Village in Worcestershire, England

Elmley Castle is a village and civil parish in Worcestershire, in England, United Kingdom. It is located on the north side of Bredon Hill, 3 miles south-east of Pershore, in the local government district of Wychavon.

== Amenities and history ==

The village had a population of 580 in 2021, and retains public amenities such as a numerous bus routes, a public house, a primary school, a local shop selling local produce, and church.

The remaining public house is now called "The Queen Elizabeth Inn", after Elizabeth I, who is said to have stopped there in August 1575. According to local legend, Elizabeth I was presented with a hat on her arrival in the village on the road from the nearby town of Pershore. The slope upwards out of the village at that point is still known as "Besscaps".

The remains of a stone cross are still present in the centre of the village. Its age is unknown, and a significant portion remains underground.

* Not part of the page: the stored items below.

lemma chain_first: "c 0 = Idn_bot d" and chain_last: "c r = Idn_top d n"
proof -
  have "sum_list (Idn_bot d) \<le> sum_list (c 0)"
    using leI_sum_list[OF Idn_bot_leI[OF chain_Idn]] by simp
  moreover have "sum_list (c 0) + r \<le> sum_list (c r)"
    using sum_list_chain_gap[of 0 r] by simp
  moreover have "sum_list (c r) \<le> sum_list (Idn_top d n)"
    using leI_sum_list[OF leI_Idn_top[OF d_le_n chain_Idn]] by simp
  moreover have "sum_list (Idn_top d n) = sum_list (Idn_bot d) + r"
    using sum_list_Idn_top[OF d_le_n] r_eq by simp
  ultimately have "sum_list (c 0) \<le> sum_list (Idn_bot d)" "sum_list (Idn_top d n) \<le> sum_list (c r)"
    by linarith+
  then show "c 0 = Idn_bot d" "c r = Idn_top d n"
    using leI_antisym_sum_list[OF Idn_bot_leI[OF chain_Idn[of 0]]]
      leI_antisym_sum_list[OF leI_Idn_top[OF d_le_n chain_Idn[of r]]] by auto
qed

lemma sum_list_chain:
  assumes "t \<le> r"
  shows "sum_list (c t) = sum_list (Idn_bot d) + t"
proof -
  have "sum_list (c r) = sum_list (Idn_bot d) + r"
    by (simp add: chain_last sum_list_Idn_top[OF d_le_n, folded r_eq])
  then show ?thesis
    using sum_list_chain_gap[of 0 t] sum_list_chain_gap[of t r] assms by (simp add: chain_first)
qed

definition step_pos :: "nat \<Rightarrow> nat" where
  "step_pos t = (SOME k. k < d \<and> c t = incr_nth (c (t - 1)) k)"

lemma step_pos:
  assumes "t \<in> {1..r}"
  shows "step_pos t < d \<and> c t = incr_nth (c (t - 1)) (step_pos t)"
proof -
  have "sum_list (c (t - 1)) = sum_list (Idn_bot d) + (t - 1)"
    using assms by (intro sum_list_chain) auto
  moreover have "sum_list (c t) = sum_list (Idn_bot d) + t"
    using assms by (intro sum_list_chain) auto
  ultimately have "sum_list (c t) = Suc (sum_list (c (t - 1)))"
    using assms by simp
  then have "\<exists>k<d. c t = incr_nth (c (t - 1)) k"
    using leI_sum_list_Suc_imp_incr_nth chain_leI length_Idn chain_Idn assms by fastforce
  then show ?thesis
    unfolding step_pos_def by (rule someI_ex)
qed

lemma nth_chain_step:
  assumes "t \<in> {1..r}" "k < d"
  shows "c t ! k = c (t - 1) ! k + (if step_pos t = k then 1 else 0)"
proof -
  have "length (c (t - 1)) = d"
    using assms by (intro length_Idn[where n = n] chain_Idn) auto
  then show ?thesis
    using step_pos[OF assms(1)] assms(2) by (simp add: nth_incr_nth)
qed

The church of St. Mary dates from the end of the 11th century, the chancel shows herringbone pattern stonework in the external walls, the font has a 15th-century octagonal bowl on a 13th-century square base decorated with stone carved serpents and dragons and the church was much added to in succeeding centuries. It contains grand monuments to Thomas, 1st Earl of Coventry and 17th century effigies of members of the Savage family. The decline in the number of local Christian worshippers has led to a reduced service schedule at the church.

==Castle==

The ruins of an important Norman and medieval castle, from which the village derives its name, are located in the deer park, just over half a mile south, on Bredon Hill. The castle is supposed to have been built by Robert d'Abitot le Despenser in the years following the Norman Conquest. After his death (post 1098) it descended to his brother, Urse the sheriff, and on his death c. 1108, it then fell to his son and heir, Roger d'Abitot, who was unfortunately banished c. 1114, and it was then bestowed upon his sister Emmeline d'Abitot's husband, Walter Beauchamp. It remained in the powerful Beauchamp family as their chief seat until William de Beauchamp inherited the earldom and castle of Warwick from his maternal uncle, William Maudit, 8th Earl of Warwick, in 1268. Thereafter, Elmley Castle remained a secondary property of the Earls of Warwick until it was surrendered to the Crown in 1487. In 1528 the castle seems to have been still habitable, for Walter Walshe was then appointed constable and keeper, and ten years later Urian Brereton succeeded to the office. In 1544, however, prior to the grant to Christopher Savage (d.1545), who had been an Esquire of the Body of King Henry VIII, a survey was made of the manor and castle of Elmley, and it was found that the castle, strongly situated upon a hill surrounded by a ditch and wall, was completely uncovered and in decay.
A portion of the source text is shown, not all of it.